What you are asked to do: Within the material below, locate the line with "tensor (hom1 x)" and the line with "(r - 1)) \<and>", then return those two lines and all lines between them, exactly as written.

Input data:
(* Let $\mathcal{C}$ be a BMZ-collection in sufficiently general position, and let $\psi,\nu$ be rays in $\mathbb{R}^N$ emanating from $0$ that are both generic for $\mathcal{C}$. Then $\deg_\psi(\mathcal{C})=\deg_\nu(\mathcal{C})$.
   Context: Standing notation: $N=(d+1)(r-1)$; $w_1,\ldots,w_r\in\mathbb{R}^{r-1}$ the vertices of a regular $(r-1)$-simplex centered at $0$; $\varphi_i(x)=(x,1)\otimes w_i\in\mathbb{R}^N$ with $u\otimes v=(u_1v_1,\ldots,u_1v_n,u_2v_1,\ldots,u_mv_n)$; $\Phi(\mathcal{P})=\bigcup_i\{\varphi_i(p):p\in P_i\}$ for an $r$-tuple $\mathcal{P}$ of pairwise disjoint finite sets. A BMZ-collection is $\mathcal{C}=(C_1,\ldots,C_{d+2})$, pairwise disjoint finite subsets of $\mathbb{R}^d$, $|C_1|=\cdots=|C_{d+1}|=r-1$, $C_{d+2}=\{z\}$; ground set $C=\{c_1,\ldots,c_{N+1}\}$, $c_{N+1}=z$, $C_k=\{c_{(k-1)(r-1)+1},\ldots,c_{k(r-1)}\}$. Rainbow $r$-partition: $r$-tuple $(R_1,\ldots,R_r)$ of pairwise disjoint subsets of $C$ with $|R_i\cap C_j|\le1$; maximal if it covers $C$. $\mathbf{R}$: maximal rainbow $r$-partitions with $z\in R_r$. $\mathcal{R}-a$: remove $a$ from its class. $F_{\mathcal{R}}=\operatorname{conv}(\Phi(\mathcal{R}-z))$. Sufficiently general position: for all $\mathcal{R}\in\mathbf{R}$, $\Phi(\mathcal{R}-z)$ is affinely independent, and for all $\mathcal{R}\in\mathbf{R}$, $a\in C$, $0\notin\operatorname{aff}(\Phi(\mathcal{R}-a))$. A ray $\psi$ from $0$ is generic for $\mathcal{C}$ if it is disjoint from every ridge $\operatorname{conv}(\Phi(\mathcal{R}-z-a))$, $\mathcal{R}\in\mathbf{R}$, $a\in C\setminus\{z\}$. Signs: $\operatorname{gsgn}(\mathcal{R})=\operatorname{sgn}\det M$, where $M$ is the $N\times N$ matrix with row $j$ equal to $\varphi_i(c_j)$ for $c_j\in R_i$, $j\in[N]$. For $k\in[d+1]$, $\pi_k$ is the permutation of $[r]$ with $\pi_k(j)=i$ iff $c_{(k-1)(r-1)+j}\in R_i$ for $j\in[r-1]$, and $\pi_k(r)$ the remaining index; $\operatorname{csgn}(\mathcal{R})=\prod_k\operatorname{sgn}\pi_k$; $\operatorname{sgn}(\mathcal{R})=\operatorname{gsgn}(\mathcal{R})\operatorname{csgn}(\mathcal{R})$. $\deg_\psi(\mathcal{C})=\sum_{\mathcal{R}\in\mathbf{R}:\ \psi\cap F_{\mathcal{R}}\neq\emptyset}\operatorname{sgn}(\mathcal{R})$. *)

theory Defs
  imports "Jordan_Normal_Form.Determinant" "HOL-Combinatorics.Permutations"
begin

text \<open>Vectors of varying dimension are Jordan_Normal_Form vectors (type real vec).
  Points of R^d are vectors in carrier_vec d; R^N is carrier_vec N.\<close>

definition bmzN :: "nat \<Rightarrow> nat \<Rightarrow> nat" where
  "bmzN d r = (d + 1) * (r - 1)"

definition tensor :: "real vec \<Rightarrow> real vec \<Rightarrow> real vec" where
  "tensor u v = vec (dim_vec u * dim_vec v) (\<lambda>k. u $ (k div dim_vec v) * v $ (k mod dim_vec v))"

definition hom1 :: "real vec \<Rightarrow> real vec" where
  "hom1 x = vec (dim_vec x + 1) (\<lambda>i. if i < dim_vec x then x $ i else 1)"

definition phi :: "(nat \<Rightarrow> real vec) \<Rightarrow> nat \<Rightarrow> real vec \<Rightarrow> real vec" where
  "phi w i x = tensor (hom1 x) (w i)"

definition sqdist :: "real vec \<Rightarrow> real vec \<Rightarrow> real" where
  "sqdist x y = (\<Sum>k<dim_vec x. (x $ k - y $ k)^2)"

definition regular_simplex_centered :: "nat \<Rightarrow> (nat \<Rightarrow> real vec) \<Rightarrow> bool" where
  "regular_simplex_centered r w \<longleftrightarrow>
     (\<forall>i\<in>{1..r}. w i \<in> carrier_vec (r - 1)) \<and>
     (\<exists>s>0. \<forall>i\<in>{1..r}. \<forall>j\<in>{1..r}. i \<noteq> j \<longrightarrow> sqdist (w i) (w j) = s) \<and>
     vec (r - 1) (\<lambda>k. \<Sum>i\<in>{1..r}. w i $ k) = 0\<^sub>v (r - 1)"

definition lincomb :: "nat \<Rightarrow> (real vec \<Rightarrow> real) \<Rightarrow> real vec set \<Rightarrow> real vec" where
  "lincomb n l S = vec n (\<lambda>k. \<Sum>v\<in>S. l v * v $ k)"

definition conv_hull :: "nat \<Rightarrow> real vec set \<Rightarrow> real vec set" where
  "conv_hull n S = {lincomb n l S | l. (\<forall>v\<in>S. 0 \<le> l v) \<and> sum l S = 1}"

definition aff_hull :: "nat \<Rightarrow> real vec set \<Rightarrow> real vec set" where
  "aff_hull n S = {lincomb n l S | l. sum l S = 1}"

definition aff_indep :: "nat \<Rightarrow> real vec set \<Rightarrow> bool" where
  "aff_indep n S \<longleftrightarrow>
     (\<forall>l. sum l S = 0 \<and> lincomb n l S = 0\<^sub>v n \<longrightarrow> (\<forall>v\<in>S. l v = 0))"

text \<open>BMZ-collection, given by the enumeration c_1,...,c_{N+1} of its ground set.\<close>
definition bmz :: "nat \<Rightarrow> nat \<Rightarrow> (nat \<Rightarrow> real vec) \<Rightarrow> bool" where
  "bmz d r c \<longleftrightarrow> (\<forall>j\<in>{1..bmzN d r + 1}. c j \<in> carrier_vec d) \<and> inj_on c {1..bmzN d r + 1}"

definition groundC :: "nat \<Rightarrow> nat \<Rightarrow> (nat \<Rightarrow> real vec) \<Rightarrow> real vec set" where
  "groundC d r c = c ` {1..bmzN d r + 1}"

definition zpt :: "nat \<Rightarrow> nat \<Rightarrow> (nat \<Rightarrow> real vec) \<Rightarrow> real vec" where
  "zpt d r c = c (bmzN d r + 1)"

definition block :: "nat \<Rightarrow> nat \<Rightarrow> (nat \<Rightarrow> real vec) \<Rightarrow> nat \<Rightarrow> real vec set" where
  "block d r c k = (if k = d + 2 then {zpt d r c}
                    else c ` {(k - 1) * (r - 1) + 1 .. k * (r - 1)})"

text \<open>An r-tuple (R_1,...,R_r) is a function R with R i = {} outside [r].\<close>
definition rainbow :: "nat \<Rightarrow> nat \<Rightarrow> (nat \<Rightarrow> real vec) \<Rightarrow> (nat \<Rightarrow> real vec set) \<Rightarrow> bool" where
  "rainbow d r c R \<longleftrightarrow>
     (\<forall>i. i \<notin> {1..r} \<longrightarrow> R i = {}) \<and>
     (\<forall>i\<in>{1..r}. R i \<subseteq> groundC d r c) \<and>
     (\<forall>i\<in>{1..r}. \<forall>i'\<in>{1..r}. i \<noteq> i' \<longrightarrow> R i \<inter> R i' = {}) \<and>
     (\<forall>i\<in>{1..r}. \<forall>k\<in>{1..d+2}. card (R i \<inter> block d r c k) \<le> 1)"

Completed exercise:
  "phi w i x = tensor (hom1 x) (w i)"

definition sqdist :: "real vec \<Rightarrow> real vec \<Rightarrow> real" where
  "sqdist x y = (\<Sum>k<dim_vec x. (x $ k - y $ k)^2)"

definition regular_simplex_centered :: "nat \<Rightarrow> (nat \<Rightarrow> real vec) \<Rightarrow> bool" where
  "regular_simplex_centered r w \<longleftrightarrow>
     (\<forall>i\<in>{1..r}. w i \<in> carrier_vec (r - 1)) \<and>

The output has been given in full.